It is the season of Saint Nick and he is everywhere.
So, Santa is everywhere at this season of the year, and he is not new, and not North American. The story of Saint Nick goes back to the fourth century. In various times and his name has been Sinterklaas, Father Christmas, Père Noël and Saint Nicholas.
I admit that, as a Christian parent, it is not always an easy thing to try to empathize the birth of Christ, while at the same time all the world around me shouts of Santa Claus. It is a very difficult thing to try to teach of the greater value of the eternal gifts that Jesus brings while Santa Clause brings Barbie and Lego. Hubby and I have agonized over how to deal with Santa Claus in the life of our family.
When speaking with a teacher friend recently, she shared what she had been dealing with in her kindergarten classroom; two children who did not believe in Santa Claus, and whose mission it was to cast all those who did into a fiery pit. I have to say, her experience confirmed for me that the middle ground perspective on ‘the Claus’ that hubby and I chose to take was a wise one!
For us we chose to neither encourage nor discourage the belief in Santa Claus, just like we neither encouraged nor discouraged the belief in the Tooth Fairy, Easter Bunny, Narnia, Secret Garden, or Fairy Tales. Those magical things, places and people take us to delightful, wonder-filled fictitious escapes into our imaginations that help us to grow and develop with with ability to dream.
But, Saint Nicholas was not a fictitious character, he was a very real person.
Saint Nicholas was a Greek Christian bishop in modern day Turkey in the 4th century. He was known for giving extensively to the poor, to children. His most famous gift is believed to be to a family with three daughters. The family was terribly poor and had no financial way to provide dowries for their three daughters of marrying age. Such a situation could result in these three young ladies being forced into slavery, prostitution. The story goes that Nicholas reached his hand into a window of the house, leaving enough money for the three to have dowries to marry. The story further goes that the money fell into stockings that were hanging by the window to dry … yet another rational for the tradition of Christmas stockings.
Although Nicholas was never officially canonized (the process that the Roman Catholic Church utilizes to recognize it’s saints), the day of the Feast day of St. Nicholas (December 6) continues.
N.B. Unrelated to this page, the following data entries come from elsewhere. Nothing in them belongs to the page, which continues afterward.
theorem lemma4:
  fixes B :: "bf set"
  assumes "finite B"
  shows "\<exists>\<theta>. mso_over B \<theta> \<and> sentence \<theta> \<and>
           (\<forall>\<Sigma> :: 'p aeform set. \<Sigma> \<subseteq> Bformulas B \<longrightarrow>
              (has_stable_expansion B \<Sigma> \<longleftrightarrow> A_Sigma B \<Sigma> \<Turnstile> \<theta>))"
proof -
  obtain fs where fs: "set fs = B"
    using finite_list[OF assms] ..
  have "has_stable_expansion B \<Sigma> \<longleftrightarrow> A_Sigma B \<Sigma> \<Turnstile> stable_expansion_mso fs"
    if "\<Sigma> \<subseteq> Bformulas B" for \<Sigma> :: "'p aeform set"
    using that fs by (simp add: has_stable_expansion_iff_stable_kernel ex_stable_kernel_iff_AUniv
      models_stable_expansion_mso_iff)
  moreover have "mso_over B (stable_expansion_mso fs)"
    using fs mso_over_stable_expansion_mso by blast
  ultimately show ?thesis
    using sentence_stable_expansion_mso by blast
qed

end
(* Let $\mathbf{K}_{\mathbf{x}\mathbf{x}}\in\mathbb{R}^{K\times K}$ be a (symmetric positive semidefinite) covariance matrix. For any $d>0$ and any full-rank $\mathbf{A}\in\mathbb{Z}^{K\times K}$ with rows $\mathbf{a}_1^T,\ldots,\mathbf{a}_K^T$, $$\frac{1}{2}\log_2\Big(\max_{k=1,\ldots,K}\mathbf{a}_k^T\big(\mathbf{I}+\tfrac1d\mathbf{K}_{\mathbf{x}\mathbf{x}}\big)\mathbf{a}_k\Big)\ \ge\ \frac{1}{2K}\log_2\Big|\det\big(\mathbf{I}+\tfrac1d\mathbf{K}_{\mathbf{x}\mathbf{x}}\big)\Big|.$$ In particular, $R_{\text{IF}}(d)\ge R^{\text{BT}}_{\text{bench}}(d)$, where $R_{\text{IF}}(d)$ is the minimum of the left-hand side over full-rank integer $\mathbf{A}$ and $R^{\text{BT}}_{\text{bench}}(d)$ is the right-hand side. *)

theory Defs
  imports "HOL-Analysis.Analysis"
begin

definition integer_matrix :: "real^'n^'m \<Rightarrow> bool" where
  "integer_matrix A \<longleftrightarrow> (\<forall>i j. A $ i $ j \<in> \<int>)"

definition psd_matrix :: "real^'n^'n \<Rightarrow> bool" where
  "psd_matrix M \<longleftrightarrow> transpose M = M \<and> (\<forall>x. 0 \<le> x \<bullet> (M *v x))"

definition if_rate_A :: "real^'n^'n \<Rightarrow> real \<Rightarrow> real^'n^'n \<Rightarrow> real" where
  "if_rate_A Kxx d A =
     1/2 * log 2 (Max (range (\<lambda>k. row k A \<bullet> ((mat 1 + (1/d) *\<^sub>R Kxx) *v row k A))))"

definition R_IF :: "real^'n^'n \<Rightarrow> real \<Rightarrow> real" where
  "R_IF Kxx d = Inf {if_rate_A Kxx d A | A. integer_matrix A \<and> rank A = CARD('n)}"

definition R_bench_BT :: "real^'n^'n \<Rightarrow> real \<Rightarrow> real" where
  "R_bench_BT Kxx d = 1 / (2 * real CARD('n)) * log 2 \<bar>det (mat 1 + (1/d) *\<^sub>R Kxx)\<bar>"

end

theory Submission
  imports Defs
begin

text \<open>Since \<open>A\<close> is a nonsingular integer matrix, \<open>det (A M A\<^sup>T) = (det A)\<^sup>2 det M \<ge> det M\<close>,
  where \<open>M = I + K\<^sub>x\<^sub>x/d\<close>. Hadamard's inequality for the Gram matrix \<open>A M A\<^sup>T\<close> bounds its determinant
  by the product of its diagonal entries \<open>a\<^sub>k\<^sup>T M a\<^sub>k\<close>, hence by the \<open>n\<close>-th power of their maximum (\<open>n\<close> the dimension);
  taking logarithms gives the claim. Hadamard's inequality is proved extremally: among matrices
  whose rows have unit \<open>M\<close>-length, one of maximal \<open>|det|\<close> has \<open>M\<close>-orthogonal rows, since otherwise
  a shear followed by rescaling a row would increase \<open>|det|\<close>; for it \<open>W M W\<^sup>T = I\<close>.\<close>

lemma matrix_mult_transpose_nth:
  fixes W M :: "real^'n^'n"
  shows "(W ** M ** transpose W) $ i $ j = W$i \<bullet> (M *v W$j)"
proof -
  have "(W ** M ** transpose W) $ i $ j = (\<Sum>k\<in>UNIV. \<Sum>l\<in>UNIV. W$i$l * (M$l$k * W$j$k))"
    by (simp add: matrix_matrix_mult_def transpose_def sum_distrib_right mult.assoc)
  also have "\<dots> = (\<Sum>l\<in>UNIV. \<Sum>k\<in>UNIV. W$i$l * (M$l$k * W$j$k))"
    by (rule sum.swap)
  also have "\<dots> = W$i \<bullet> (M *v W$j)"
    by (simp add: inner_vec_def matrix_vector_mult_def sum_distrib_left)
  finally show ?thesis .
qed

lemma inner_matrix_vector_symmetric:
  fixes M :: "real^'n^'n"
  assumes "transpose M = M"
  shows "x \<bullet> (M *v y) = y \<bullet> (M *v x)"
  by (metis assms dot_lmul_matrix vector_transpose_matrix inner_commute)

lemma continuous_on_det: "continuous_on S (det :: real^'n^'n \<Rightarrow> real)"
  unfolding det_def by (intro continuous_intros)

lemma integer_matrix_det_Ints:
  fixes A :: "real^'n^'n"
  assumes "integer_matrix A"
  shows "det A \<in> \<int>"
  using assms unfolding det_def integer_matrix_def
  by (intro Ints_sum Ints_mult Ints_prod) (auto simp: sign_def)

lemma integer_matrix_full_rank_det_square_ge_1:
  fixes A :: "real^'n^'n"
  assumes "integer_matrix A" and "rank A = CARD('n)"
  shows "1 \<le> (det A)\<^sup>2"
proof -
  have "det A \<noteq> 0" using assms(2) det_eq_0_rank[of A] by simp
  then have "1 \<le> \<bar>det A\<bar>" using integer_matrix_det_Ints[OF assms(1)] Ints_nonzero_abs_ge1 by blast
  then show ?thesis by (metis abs_le_square_iff abs_one one_power2)
qed

locale symmetric_matrix_ge_id =
  fixes M :: "real^'n^'n"
  assumes symmetric: "transpose M = M"
    and ge_id: "\<And>x. x \<bullet> x \<le> x \<bullet> (M *v x)"
begin

definition form :: "real^'n \<Rightarrow> real" where
  "form x = x \<bullet> (M *v x)"

definition unit_rows :: "(real^'n^'n) set" where
  "unit_rows = {W. \<forall>i. form (W$i) = 1}"

lemma form_nonneg: "0 \<le> form x"
  using ge_id[of x] unfolding form_def by (meson inner_ge_zero order_trans)

lemma form_pos: "x \<noteq> 0 \<Longrightarrow> 0 < form x"
  using ge_id[of x] unfolding form_def by (meson inner_gt_zero_iff order_less_le_trans)

lemma form_scaleR: "form (c *\<^sub>R x) = c\<^sup>2 * form x"
  by (simp add: form_def matrix_vector_mult_scaleR power2_eq_square)

lemma form_shear:
  assumes "form x = 1" and "form y = 1"
  shows "form (x - (x \<bullet> (M *v y)) *\<^sub>R y) = 1 - (x \<bullet> (M *v y))\<^sup>2"
  using assms inner_matrix_vector_symmetric[OF symmetric, of y x]
  by (simp add: form_def power2_eq_square algebra_simps)

lemma det_normalize_rows:
  fixes V :: "real^'n^'n"
  assumes "\<And>i. V$i \<noteq> 0"
  defines "W \<equiv> \<chi> i. (1 / sqrt (form (V$i))) *\<^sub>R V$i"
  shows "W \<in> unit_rows" and "det V = (\<Prod>i\<in>UNIV. sqrt (form (V$i))) * det W"
proof -
  have pos: "0 < form (V$i)" for i using form_pos[OF assms(1)] .
  have form_nz: "form (V$i) \<noteq> 0" and form_ge0: "0 \<le> form (V$i)" for i using pos[of i] by auto
  then show "W \<in> unit_rows"
    unfolding unit_rows_def W_def by (simp add: form_scaleR power_divide)
  have "V = (\<chi> i. sqrt (form (V$i)) *s W$i)"
    using form_nz form_ge0 unfolding W_def by (simp add: vec_eq_iff scalar_mult_eq_scaleR)
  then show "det V = (\<Prod>i\<in>UNIV. sqrt (form (V$i))) * det W"
    using det_rows_mul[of "\<lambda>i. sqrt (form (V$i))" "\<lambda>i. W$i"] by simp
qed

lemma compact_unit_rows: "compact unit_rows"
proof (rule compact_eq_bounded_closed[THEN iffD2], rule conjI)
  show "bounded unit_rows"
  proof (rule boundedI)
    fix W assume W: "W \<in> unit_rows"
    have "norm (W$i) \<le> 1" for i
    proof -
      have "(norm (W$i))\<^sup>2 \<le> 1" using ge_id[of "W$i"] W
        by (simp add: unit_rows_def form_def power2_norm_eq_inner)
      then show ?thesis by (simp add: abs_square_le_1)
    qed
    then have "(\<Sum>i\<in>UNIV. norm (W$i)) \<le> (\<Sum>i\<in>(UNIV::'n set). 1)" by (intro sum_mono)
    moreover have "norm W \<le> (\<Sum>i\<in>UNIV. norm (W$i))"
      unfolding norm_vec_def by (rule L2_set_le_sum) simp
    ultimately show "norm W \<le> real CARD('n)" by simp
  qed
  have "continuous_on UNIV (\<lambda>W::real^'n^'n. form (W$i))" for i
    unfolding form_def
    by (intro continuous_intros
        continuous_on_compose2[OF matrix_vector_mult_linear_continuous_on, where t=UNIV]) auto
  then have "closed {W::real^'n^'n. form (W$i) = 1}" for i
    by (intro closed_Collect_eq continuous_intros)
  moreover have "unit_rows = (\<Inter>i. {W. form (W$i) = 1})" unfolding unit_rows_def by auto
  ultimately show "closed unit_rows" by auto
qed

lemma unit_rows_det_nonzero: "\<exists>W\<in>unit_rows. det W \<noteq> 0"
proof -
  have "(mat 1 :: real^'n^'n) $ i \<noteq> 0" for i by (simp add: vec_eq_iff mat_def)
  from det_normalize_rows[OF this] show ?thesis by force
qed

lemma det_maximizer_exists:
  obtains W0 where "W0 \<in> unit_rows" and "\<And>W. W \<in> unit_rows \<Longrightarrow> \<bar>det W\<bar> \<le> \<bar>det W0\<bar>"
    and "det W0 \<noteq> 0"
proof -
  have "unit_rows \<noteq> {}" using unit_rows_det_nonzero by blast
  from continuous_attains_sup[OF compact_unit_rows this, of "\<lambda>W. \<bar>det W\<bar>"]
  obtain W0 where "W0 \<in> unit_rows" "\<And>W. W \<in> unit_rows \<Longrightarrow> \<bar>det W\<bar> \<le> \<bar>det W0\<bar>"
    using continuous_on_rabs[OF continuous_on_det] by blast
  moreover from this(2) have "det W0 \<noteq> 0" using unit_rows_det_nonzero by force
  ultimately show ?thesis using that by blast
qed

lemma det_increase_if_not_orthogonal:
  assumes W0: "W0 \<in> unit_rows" "det W0 \<noteq> 0"
    and ij: "i \<noteq> j" and c: "W0$i \<bullet> (M *v W0$j) \<noteq> 0"
  shows "\<exists>W\<in>unit_rows. \<bar>det W0\<bar> < \<bar>det W\<bar>"
proof -
  define c where "c = W0$i \<bullet> (M *v W0$j)"
  define u where "u = W0$i - c *\<^sub>R W0$j"
  have form_u: "form u = 1 - c\<^sup>2"
    using W0(1) unfolding u_def c_def unit_rows_def by (simp add: form_shear)
  have "(\<chi> k. if k = i then u else W0$k) =
        (\<chi> k. if k = i then row i W0 + (-c) *s row j W0 else row k W0)"
    by (simp add: u_def vec_eq_iff row_def scalar_mult_eq_scaleR)
  then have det_shear: "det (\<chi> k. if k = i then u else W0$k) = det W0"
    using det_row_operation[OF ij, of W0 "-c"] by simp
  have "u \<noteq> 0"
  proof
    assume "u = 0"
    then have "det (\<chi> k. if k = i then u else W0$k) = 0"
      by (intro det_zero_row(1)[of i]) (simp add: row_def vec_eq_iff)
    with det_shear W0(2) show False by simp
  qed
  then have s_pos: "0 < sqrt (1 - c\<^sup>2)" using form_pos[of u] form_u by simp
  have s_lt1: "sqrt (1 - c\<^sup>2) < 1" using c s_pos by (simp add: c_def)
  define W where "W = (\<chi> k. if k = i then (1 / sqrt (1 - c\<^sup>2)) *s u else W0$k)"
  have "W \<in> unit_rows"
    using W0(1) s_pos form_u
    by (auto simp: unit_rows_def W_def scalar_mult_eq_scaleR form_scaleR power_divide)
  moreover have "det W = (1 / sqrt (1 - c\<^sup>2)) * det (\<chi> k. if k = i then u else W0$k)"
    unfolding W_def by (rule det_row_mul)
  then have "det W = det W0 / sqrt (1 - c\<^sup>2)" using det_shear by simp
  then have "\<bar>det W0\<bar> < \<bar>det W\<bar>"
    using W0(2) s_pos s_lt1 by (simp add: less_divide_eq)
  ultimately show ?thesis by blast
qed

lemma det_square_mult_det_le_1:
  shows "0 < det M" and "\<And>W. W \<in> unit_rows \<Longrightarrow> (det W)\<^sup>2 * det M \<le> 1"
proof -
  obtain W0 where W0: "W0 \<in> unit_rows" "\<And>W. W \<in> unit_rows \<Longrightarrow> \<bar>det W\<bar> \<le> \<bar>det W0\<bar>"
      "det W0 \<noteq> 0"
    using det_maximizer_exists by blast
  have orthogonal: "W0$i \<bullet> (M *v W0$j) = 0" if "i \<noteq> j" for i j
    using det_increase_if_not_orthogonal[OF W0(1,3) that] W0(2) by fastforce
  have "W0 ** M ** transpose W0 = mat 1"
    using W0(1) orthogonal
    by (simp add: vec_eq_iff matrix_mult_transpose_nth mat_def unit_rows_def form_def)
  then have det_W0: "(det W0)\<^sup>2 * det M = 1"
    using det_mul[of "W0 ** M" "transpose W0"] by (simp add: det_mul power2_eq_square algebra_simps)
  moreover have "0 < (det W0)\<^sup>2" using W0(3) by simp
  ultimately show "0 < det M" by (metis zero_less_one zero_less_mult_pos)
  fix W assume "W \<in> unit_rows"
  then have "(det W)\<^sup>2 \<le> (det W0)\<^sup>2" using W0(2) by (simp add: abs_le_square_iff)
  then show "(det W)\<^sup>2 * det M \<le> 1" using \<open>0 < det M\<close> det_W0 by (metis mult_right_mono less_imp_le)
qed

theorem hadamard_inequality: "(det V)\<^sup>2 * det M \<le> (\<Prod>i\<in>UNIV. form (V$i))"
proof (cases "\<exists>i. V$i = 0")
  case True
  then have "det V = 0" by (metis det_zero_row(1) row_def vec_lambda_eta)
  then show ?thesis by (simp add: prod_nonneg form_nonneg)
next
  case False
  define W where "W \<equiv> \<chi> i. (1 / sqrt (form (V$i))) *\<^sub>R V$i"
  have W: "W \<in> unit_rows" and det_V: "det V = (\<Prod>i\<in>UNIV. sqrt (form (V$i))) * det W"
    using det_normalize_rows False unfolding W_def by auto
  have "(\<Prod>i\<in>UNIV. sqrt (form (V$i)))\<^sup>2 = (\<Prod>i\<in>UNIV. form (V$i))"
    by (simp add: prod_power_distrib form_nonneg)
  then have "(det V)\<^sup>2 * det M = (\<Prod>i\<in>UNIV. form (V$i)) * ((det W)\<^sup>2 * det M)"
    by (simp add: det_V power_mult_distrib)
  also have "\<dots> \<le> (\<Prod>i\<in>UNIV. form (V$i))"
    using det_square_mult_det_le_1(2)[OF W] by (simp add: mult_left_le prod_nonneg form_nonneg)
  finally show ?thesis .
qed

lemma log_det_le_log_max_form:
  fixes V :: "real^'n^'n"
  assumes "1 \<le> (det V)\<^sup>2"
  shows "1 / (2 * real CARD('n)) * log 2 \<bar>det M\<bar> \<le> 1/2 * log 2 (Max (range (\<lambda>k. form (V$k))))"
proof -
  define Q where "Q = Max (range (\<lambda>k. form (V$k)))"
  have form_le_Q: "form (V$k) \<le> Q" for k unfolding Q_def by (rule Max_ge) auto
  have det_pos: "0 < det M" by (rule det_square_mult_det_le_1(1))
  have "det M \<le> (det V)\<^sup>2 * det M" using assms det_pos by simp
  also have "\<dots> \<le> (\<Prod>i\<in>UNIV. form (V$i))" by (rule hadamard_inequality)
  also have "\<dots> \<le> Q ^ CARD('n)"
    using prod_mono[of UNIV "\<lambda>i. form (V$i)" "\<lambda>_. Q"] by (simp add: form_nonneg form_le_Q)
  finally have det_le: "det M \<le> Q ^ CARD('n)" .
  have "0 \<le> Q" using form_le_Q form_nonneg order_trans by blast
  then have Q_pos: "0 < Q" using det_le det_pos by (cases "Q = 0") (auto simp: power_0_left)
  have "log 2 (det M) \<le> log 2 (Q ^ CARD('n))" using det_le det_pos by simp
  then have "log 2 (det M) \<le> real CARD('n) * log 2 Q" using Q_pos by (simp add: log_nat_power)
  then show ?thesis unfolding Q_def[symmetric] using det_pos by (simp add: field_simps)
qed

end

lemma psd_matrix_id_plus_symmetric_matrix_ge_id:
  fixes K :: "real^'n^'n"
  assumes "psd_matrix K" and "d > 0"
  shows "symmetric_matrix_ge_id (mat 1 + (1/d) *\<^sub>R K)"
proof
  have "K $ j $ i = K $ i $ j" for i j
    using assms(1) unfolding psd_matrix_def by (metis transpose_def vec_lambda_beta)
  then show "transpose (mat 1 + (1/d) *\<^sub>R K) = mat 1 + (1/d) *\<^sub>R K"
    by (simp add: vec_eq_iff transpose_def mat_def)
  fix x :: "real^'n"
  have "x \<bullet> ((mat 1 + (1/d) *\<^sub>R K) *v x) = x \<bullet> x + (1/d) * (x \<bullet> (K *v x))"
    by (simp add: matrix_vector_mult_add_rdistrib scaleR_matrix_vector_assoc[symmetric]
        inner_add_right)
  moreover have "0 \<le> x \<bullet> (K *v x)" using assms(1) by (simp add: psd_matrix_def)
  ultimately show "x \<bullet> x \<le> x \<bullet> ((mat 1 + (1/d) *\<^sub>R K) *v x)" using assms(2) by simp
qed

theorem lemma2:
  fixes Kxx :: "real^'n^'n" and d :: real
  assumes "psd_matrix Kxx" and "d > 0"
  shows "(\<forall>A :: real^'n^'n. integer_matrix A \<and> rank A = CARD('n) \<longrightarrow>
            1/2 * log 2 (Max (range (\<lambda>k. row k A \<bullet> ((mat 1 + (1/d) *\<^sub>R Kxx) *v row k A))))
            \<ge> 1 / (2 * real CARD('n)) * log 2 \<bar>det (mat 1 + (1/d) *\<^sub>R Kxx)\<bar>)
         \<and> R_IF Kxx d \<ge> R_bench_BT Kxx d"
proof -
  interpret symmetric_matrix_ge_id "mat 1 + (1/d) *\<^sub>R Kxx"
    using psd_matrix_id_plus_symmetric_matrix_ge_id[OF assms] .
  have bound: "R_bench_BT Kxx d \<le> if_rate_A Kxx d A"
    if "integer_matrix A \<and> rank A = CARD('n)" for A :: "real^'n^'n"
    using log_det_le_log_max_form[OF integer_matrix_full_rank_det_square_ge_1[of A]] that
    by (simp add: R_bench_BT_def if_rate_A_def form_def row_def)
  have "integer_matrix (mat 1 :: real^'n^'n)" by (simp add: integer_matrix_def mat_def)
  with rank_I have "integer_matrix (mat 1 :: real^'n^'n) \<and> rank (mat 1 :: real^'n^'n) = CARD('n)"
    by blast
  then have "R_bench_BT Kxx d \<le> R_IF Kxx d"
    unfolding R_IF_def using bound by (intro cInf_greatest) blast+
  with bound show ?thesis by (simp add: R_bench_BT_def if_rate_A_def)
qed

end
Much more can be read about Saint Nicholas.
To believe in him is delightful childhood, to know of the God-loving man behind the beard is essential for the imagination to take root, and blossom into putting that faith into our own works of love for others.
“What does it profit, my brethren, if someone says he has faith but does not have works?
Can faith save him?
If a brother or sister is naked and destitute of daily food, and one of you says to them,
“Depart in peace, be warmed and filled,”
but you do not give them the things which are needed for the body, what does it profit?
Thus also faith by itself, if it does not have works, is dead.
But someone will say, “You have faith, and I have works.”
Show me your faith without your works, and I will show you my faith by my works.
You believe that there is one God. You do well. Even the demons believe—and tremble!
But do you want to know, O foolish man, that faith without works is dead?
Was not Abraham our father justified by works when he offered Isaac his son on the altar?
Do you see that faith was working together with his works,
and by works faith was made perfect?
And the Scripture was fulfilled which says,
“Abraham believed God, and it was accounted to him for righteousness.”
And he was called the friend of God.
You see then that a man is justified by works, and not by faith only.
Likewise, was not Rahab the harlot also justified by works
when she received the messengers and sent them out another way?
For as the body without the spirit is dead, so faith without works is dead also.”